[[ Extracted material, beginning ]]
theorem zero_forcing_number_le:
  assumes "finite V" and "\<And>v. v \<in> V \<Longrightarrow> degree V tree v \<le> 3"
  shows "zero_forcing_number V tree \<le> card {v \<in> V. degree V tree v = 3} + 2"
proof -
  define c where "c p = (SOME x. x \<in> children p)" for p
  have "zero_forcing_number V tree \<le> card (forcing_set c)"
    by (rule zero_forcing_number_le_card[OF zero_forcing_set_forcing_set])
  also have "\<dots> \<le> card {v \<in> V. degree V tree v = 3} + 2"
    by (rule card_forcing_set_le[OF assms]) (use some_in_eq in \<open>auto simp: c_def\<close>)
  finally show ?thesis .
qed

end

theorem mainTheorem4:
  fixes V :: "'a set" and E :: "'a \<Rightarrow> 'a \<Rightarrow> bool" and u :: 'a and idx :: "'a \<Rightarrow> nat"
  assumes "cubic V E"
    and "connected_graph V E"
    and "bij_betw idx V {1..card V}"
    and "u \<in> V"
  shows "zero_forcing_number V (alg_tree V E u idx)
           \<le> card {v \<in> V. degree V (alg_tree V E u idx) v = 3} + 2"
proof -
  have sg: "simple_graph V E" and deg3: "\<And>v. v \<in> V \<Longrightarrow> degree V E v = 3"
    using assms(1) unfolding cubic_def by auto
  have fin: "finite V" using sg unfolding simple_graph_def by blast
  have edge: "E p x \<and> E x p \<and> p \<in> V \<and> x \<in> V \<and> gdist E u p < gdist E u x"
    if "is_parent V E u idx p x" for p x
    using that sg unfolding is_parent_def simple_graph_def by auto
  interpret graded_parents V "is_parent V E u idx" u "gdist E u"
  proof
    show "\<exists>p. is_parent V E u idx p x" if "x \<in> V" "x \<noteq> u" for x
      using assms(2,4) that exists_is_parent[OF sg bij_betw_imp_inj_on[OF assms(3)]]
      unfolding connected_graph_def by blast
  qed (use assms(4) edge in auto)
  have alg: "alg_tree V E u idx = tree" by (auto simp: fun_eq_iff alg_tree_def tree_def)
  have "degree V tree v \<le> 3" if "v \<in> V" for v
    using degree_mono[OF fin, of tree E v] deg3[OF that] edge unfolding tree_def by auto
  then show ?thesis unfolding alg using zero_forcing_number_le[OF fin] by blast
qed

end
lemma star_algebra_prod_alg:
  assumes "\<forall>i\<in>I. star_algebra (A i)"
  shows "star_algebra (prod_alg I A)"
proof -
  have ax: "star_algebra (A i)" if "i \<in> I" for i using assms that by blast
  have [simp]: "x \<in> (\<Pi>\<^sub>E i\<in>I. carr (A i)) \<Longrightarrow> i \<in> I \<Longrightarrow> x i \<in> carr (A i)" for x i
    by (rule PiE_mem)
  have restrict_eq: "(\<lambda>i\<in>I. f i) = x"
    if "x \<in> (\<Pi>\<^sub>E i\<in>I. carr (A i))" "\<And>i. i \<in> I \<Longrightarrow> f i = x i" for f x
    using that by (metis PiE_restrict restrict_ext)
  show ?thesis
    unfolding star_algebra_def
    by (auto simp: prod_alg_def ax zer_closed ad_closed mul_closed ng_closed st_closed sm_closed
        ad_assoc ad_zer ad_ng sm_ad sm_add sm_mult sm_one mul_assoc mul_ad_distrib
        ad_mul_distrib st_ad st_sm st_mul st_st
        cong: restrict_cong intro!: restrict_ext restrict_eq;
        metis ax PiE_mem ad_comm sm_mul_left sm_mul_right)
qed

definition proper_star_algebra :: "'a lcalg \<Rightarrow> bool" where
  "proper_star_algebra B \<longleftrightarrow>
     star_algebra B \<and> (\<forall>x\<in>carr B. mul B (st B x) x = zer B \<longrightarrow> x = zer B)"

lemma proper_star_algebra_star_algebra: "proper_star_algebra B \<Longrightarrow> star_algebra B"
  by (simp add: proper_star_algebra_def)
[[ Extracted material, end ]]
Task requirements: Repeat, word for word, all the lines above.

Solution to this problem:
theorem zero_forcing_number_le:
  assumes "finite V" and "\<And>v. v \<in> V \<Longrightarrow> degree V tree v \<le> 3"
  shows "zero_forcing_number V tree \<le> card {v \<in> V. degree V tree v = 3} + 2"
proof -
  define c where "c p = (SOME x. x \<in> children p)" for p
  have "zero_forcing_number V tree \<le> card (forcing_set c)"
    by (rule zero_forcing_number_le_card[OF zero_forcing_set_forcing_set])
  also have "\<dots> \<le> card {v \<in> V. degree V tree v = 3} + 2"
    by (rule card_forcing_set_le[OF assms]) (use some_in_eq in \<open>auto simp: c_def\<close>)
  finally show ?thesis .
qed

end

theorem mainTheorem4:
  fixes V :: "'a set" and E :: "'a \<Rightarrow> 'a \<Rightarrow> bool" and u :: 'a and idx :: "'a \<Rightarrow> nat"
  assumes "cubic V E"
    and "connected_graph V E"
    and "bij_betw idx V {1..card V}"
    and "u \<in> V"
  shows "zero_forcing_number V (alg_tree V E u idx)
           \<le> card {v \<in> V. degree V (alg_tree V E u idx) v = 3} + 2"
proof -
  have sg: "simple_graph V E" and deg3: "\<And>v. v \<in> V \<Longrightarrow> degree V E v = 3"
    using assms(1) unfolding cubic_def by auto
  have fin: "finite V" using sg unfolding simple_graph_def by blast
  have edge: "E p x \<and> E x p \<and> p \<in> V \<and> x \<in> V \<and> gdist E u p < gdist E u x"
    if "is_parent V E u idx p x" for p x
    using that sg unfolding is_parent_def simple_graph_def by auto
  interpret graded_parents V "is_parent V E u idx" u "gdist E u"
  proof
    show "\<exists>p. is_parent V E u idx p x" if "x \<in> V" "x \<noteq> u" for x
      using assms(2,4) that exists_is_parent[OF sg bij_betw_imp_inj_on[OF assms(3)]]
      unfolding connected_graph_def by blast
  qed (use assms(4) edge in auto)
  have alg: "alg_tree V E u idx = tree" by (auto simp: fun_eq_iff alg_tree_def tree_def)
  have "degree V tree v \<le> 3" if "v \<in> V" for v
    using degree_mono[OF fin, of tree E v] deg3[OF that] edge unfolding tree_def by auto
  then show ?thesis unfolding alg using zero_forcing_number_le[OF fin] by blast
qed

end
lemma star_algebra_prod_alg:
  assumes "\<forall>i\<in>I. star_algebra (A i)"
  shows "star_algebra (prod_alg I A)"
proof -
  have ax: "star_algebra (A i)" if "i \<in> I" for i using assms that by blast
  have [simp]: "x \<in> (\<Pi>\<^sub>E i\<in>I. carr (A i)) \<Longrightarrow> i \<in> I \<Longrightarrow> x i \<in> carr (A i)" for x i
    by (rule PiE_mem)
  have restrict_eq: "(\<lambda>i\<in>I. f i) = x"
    if "x \<in> (\<Pi>\<^sub>E i\<in>I. carr (A i))" "\<And>i. i \<in> I \<Longrightarrow> f i = x i" for f x
    using that by (metis PiE_restrict restrict_ext)
  show ?thesis
    unfolding star_algebra_def
    by (auto simp: prod_alg_def ax zer_closed ad_closed mul_closed ng_closed st_closed sm_closed
        ad_assoc ad_zer ad_ng sm_ad sm_add sm_mult sm_one mul_assoc mul_ad_distrib
        ad_mul_distrib st_ad st_sm st_mul st_st
        cong: restrict_cong intro!: restrict_ext restrict_eq;
        metis ax PiE_mem ad_comm sm_mul_left sm_mul_right)
qed

definition proper_star_algebra :: "'a lcalg \<Rightarrow> bool" where
  "proper_star_algebra B \<longleftrightarrow>
     star_algebra B \<and> (\<forall>x\<in>carr B. mul B (st B x) x = zer B \<longrightarrow> x = zer B)"

lemma proper_star_algebra_star_algebra: "proper_star_algebra B \<Longrightarrow> star_algebra B"
  by (simp add: proper_star_algebra_def)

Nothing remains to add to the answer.